About this exercise = Whatever the records below say, write them all out exactly.

*** Records shown ***

lemma laplacian_gaussian_barrier:
  fixes x xc :: "'a::euclidean_space"
  shows "laplacian_defined (\<lambda>y. gaussian_barrier \<gamma> xc t0 (y, t)) x"
    and "laplacian (\<lambda>y. gaussian_barrier \<gamma> xc t0 (y, t)) x
           = (4 * \<gamma>^2 * norm (x - xc)^2 - 2 * \<gamma> * DIM('a)) * gaussian_barrier \<gamma> xc t0 (x, t)"
proof -
  have second: "(deriv (\<lambda>r. gaussian_barrier \<gamma> xc t0 (x + r *\<^sub>R i, t)) has_real_derivative
      (4 * \<gamma>^2 * ((x - xc) \<bullet> i)^2 - 2 * \<gamma>) * gaussian_barrier \<gamma> xc t0 (x, t)) (at 0)"
    if i: "i \<in> Basis" for i
  proof -
    have first: "deriv (\<lambda>r. gaussian_barrier \<gamma> xc t0 (x + r *\<^sub>R i, t))
        = (\<lambda>r. - 2 * \<gamma> * ((x - xc) \<bullet> i + r) * gaussian_barrier \<gamma> xc t0 (x + r *\<^sub>R i, t))"
      by (rule ext) (rule DERIV_imp_deriv[OF gaussian_barrier_space_deriv[OF i]])
    have lin: "((\<lambda>r. - 2 * \<gamma> * ((x - xc) \<bullet> i + r)) has_real_derivative - 2 * \<gamma>) (at 0)"
      by (auto intro!: derivative_eq_intros)
    from DERIV_mult'[OF lin gaussian_barrier_space_deriv[OF i]] show ?thesis
      unfolding first by (rule DERIV_cong) (simp add: power2_eq_square algebra_simps)
  qed
  show "laplacian_defined (\<lambda>y. gaussian_barrier \<gamma> xc t0 (y, t)) x"
    unfolding laplacian_defined_def real_differentiable_def
    using second gaussian_barrier_space_deriv by (blast intro: zero_less_one)
  have "laplacian (\<lambda>y. gaussian_barrier \<gamma> xc t0 (y, t)) x
      = (\<Sum>i\<in>Basis. (4 * \<gamma>^2 * ((x - xc) \<bullet> i)^2 - 2 * \<gamma>) * gaussian_barrier \<gamma> xc t0 (x, t))"
    unfolding laplacian_def second_partial_def using DERIV_imp_deriv[OF second] by simp
  also have "\<dots> = (\<Sum>i\<in>Basis. 4 * \<gamma>^2 * ((x - xc) \<bullet> i)^2 - 2 * \<gamma>) * gaussian_barrier \<gamma> xc t0 (x, t)"
    by (simp add: sum_distrib_right)
  also have "(\<Sum>i\<in>Basis. 4 * \<gamma>^2 * ((x - xc) \<bullet> i)^2 - 2 * \<gamma>) = 4 * \<gamma>^2 * norm (x - xc)^2 - 2 * \<gamma> * DIM('a)"
    by (simp add: sum_subtractf sum_Basis_inner_sq flip: sum_distrib_left)
  finally show "laplacian (\<lambda>y. gaussian_barrier \<gamma> xc t0 (y, t)) x
      = (4 * \<gamma>^2 * norm (x - xc)^2 - 2 * \<gamma> * DIM('a)) * gaussian_barrier \<gamma> xc t0 (x, t)" .
qed

lemma gaussian_barrier_time_deriv_bound:
  assumes "0 \<le> \<gamma>" "\<tau> \<in> {0..T}" "t0 \<in> {0..T}"
  shows "\<bar>- 2 * \<gamma> * (\<tau> - t0) * gaussian_barrier \<gamma> xc t0 (x, \<tau>)\<bar> \<le> 2 * \<gamma> * T * exp (- \<gamma> * norm (x - xc)^2)"
proof -
  have "\<bar>\<tau> - t0\<bar> \<le> T"
    using assms by auto
  then have "\<bar>- 2 * \<gamma> * (\<tau> - t0)\<bar> \<le> 2 * \<gamma> * T"
    using assms(1) by (simp add: abs_mult mult_left_mono)
  moreover have "gaussian_barrier \<gamma> xc t0 (x, \<tau>) \<le> exp (- \<gamma> * norm (x - xc)^2)"
    using assms(1) by (simp add: gaussian_barrier_def mult_left_mono)
  ultimately have "\<bar>- 2 * \<gamma> * (\<tau> - t0)\<bar> * gaussian_barrier \<gamma> xc t0 (x, \<tau>) \<le> 2 * \<gamma> * T * exp (- \<gamma> * norm (x - xc)^2)"
    by (rule mult_mono) (use assms in \<open>auto simp: gaussian_barrier_def\<close>)
  then show ?thesis
    by (simp add: abs_mult gaussian_barrier_def)
qed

***

Answer for the task =
lemma laplacian_gaussian_barrier:
  fixes x xc :: "'a::euclidean_space"
  shows "laplacian_defined (\<lambda>y. gaussian_barrier \<gamma> xc t0 (y, t)) x"
    and "laplacian (\<lambda>y. gaussian_barrier \<gamma> xc t0 (y, t)) x
           = (4 * \<gamma>^2 * norm (x - xc)^2 - 2 * \<gamma> * DIM('a)) * gaussian_barrier \<gamma> xc t0 (x, t)"
proof -
  have second: "(deriv (\<lambda>r. gaussian_barrier \<gamma> xc t0 (x + r *\<^sub>R i, t)) has_real_derivative
      (4 * \<gamma>^2 * ((x - xc) \<bullet> i)^2 - 2 * \<gamma>) * gaussian_barrier \<gamma> xc t0 (x, t)) (at 0)"
    if i: "i \<in> Basis" for i
  proof -
    have first: "deriv (\<lambda>r. gaussian_barrier \<gamma> xc t0 (x + r *\<^sub>R i, t))
        = (\<lambda>r. - 2 * \<gamma> * ((x - xc) \<bullet> i + r) * gaussian_barrier \<gamma> xc t0 (x + r *\<^sub>R i, t))"
      by (rule ext) (rule DERIV_imp_deriv[OF gaussian_barrier_space_deriv[OF i]])
    have lin: "((\<lambda>r. - 2 * \<gamma> * ((x - xc) \<bullet> i + r)) has_real_derivative - 2 * \<gamma>) (at 0)"
      by (auto intro!: derivative_eq_intros)
    from DERIV_mult'[OF lin gaussian_barrier_space_deriv[OF i]] show ?thesis
      unfolding first by (rule DERIV_cong) (simp add: power2_eq_square algebra_simps)
  qed
  show "laplacian_defined (\<lambda>y. gaussian_barrier \<gamma> xc t0 (y, t)) x"
    unfolding laplacian_defined_def real_differentiable_def
    using second gaussian_barrier_space_deriv by (blast intro: zero_less_one)
  have "laplacian (\<lambda>y. gaussian_barrier \<gamma> xc t0 (y, t)) x
      = (\<Sum>i\<in>Basis. (4 * \<gamma>^2 * ((x - xc) \<bullet> i)^2 - 2 * \<gamma>) * gaussian_barrier \<gamma> xc t0 (x, t))"
    unfolding laplacian_def second_partial_def using DERIV_imp_deriv[OF second] by simp
  also have "\<dots> = (\<Sum>i\<in>Basis. 4 * \<gamma>^2 * ((x - xc) \<bullet> i)^2 - 2 * \<gamma>) * gaussian_barrier \<gamma> xc t0 (x, t)"
    by (simp add: sum_distrib_right)
  also have "(\<Sum>i\<in>Basis. 4 * \<gamma>^2 * ((x - xc) \<bullet> i)^2 - 2 * \<gamma>) = 4 * \<gamma>^2 * norm (x - xc)^2 - 2 * \<gamma> * DIM('a)"
    by (simp add: sum_subtractf sum_Basis_inner_sq flip: sum_distrib_left)
  finally show "laplacian (\<lambda>y. gaussian_barrier \<gamma> xc t0 (y, t)) x
      = (4 * \<gamma>^2 * norm (x - xc)^2 - 2 * \<gamma> * DIM('a)) * gaussian_barrier \<gamma> xc t0 (x, t)" .
qed

lemma gaussian_barrier_time_deriv_bound:
  assumes "0 \<le> \<gamma>" "\<tau> \<in> {0..T}" "t0 \<in> {0..T}"
  shows "\<bar>- 2 * \<gamma> * (\<tau> - t0) * gaussian_barrier \<gamma> xc t0 (x, \<tau>)\<bar> \<le> 2 * \<gamma> * T * exp (- \<gamma> * norm (x - xc)^2)"
proof -
  have "\<bar>\<tau> - t0\<bar> \<le> T"
    using assms by auto
  then have "\<bar>- 2 * \<gamma> * (\<tau> - t0)\<bar> \<le> 2 * \<gamma> * T"
    using assms(1) by (simp add: abs_mult mult_left_mono)
  moreover have "gaussian_barrier \<gamma> xc t0 (x, \<tau>) \<le> exp (- \<gamma> * norm (x - xc)^2)"
    using assms(1) by (simp add: gaussian_barrier_def mult_left_mono)
  ultimately have "\<bar>- 2 * \<gamma> * (\<tau> - t0)\<bar> * gaussian_barrier \<gamma> xc t0 (x, \<tau>) \<le> 2 * \<gamma> * T * exp (- \<gamma> * norm (x - xc)^2)"
    by (rule mult_mono) (use assms in \<open>auto simp: gaussian_barrier_def\<close>)
  then show ?thesis
    by (simp add: abs_mult gaussian_barrier_def)
qed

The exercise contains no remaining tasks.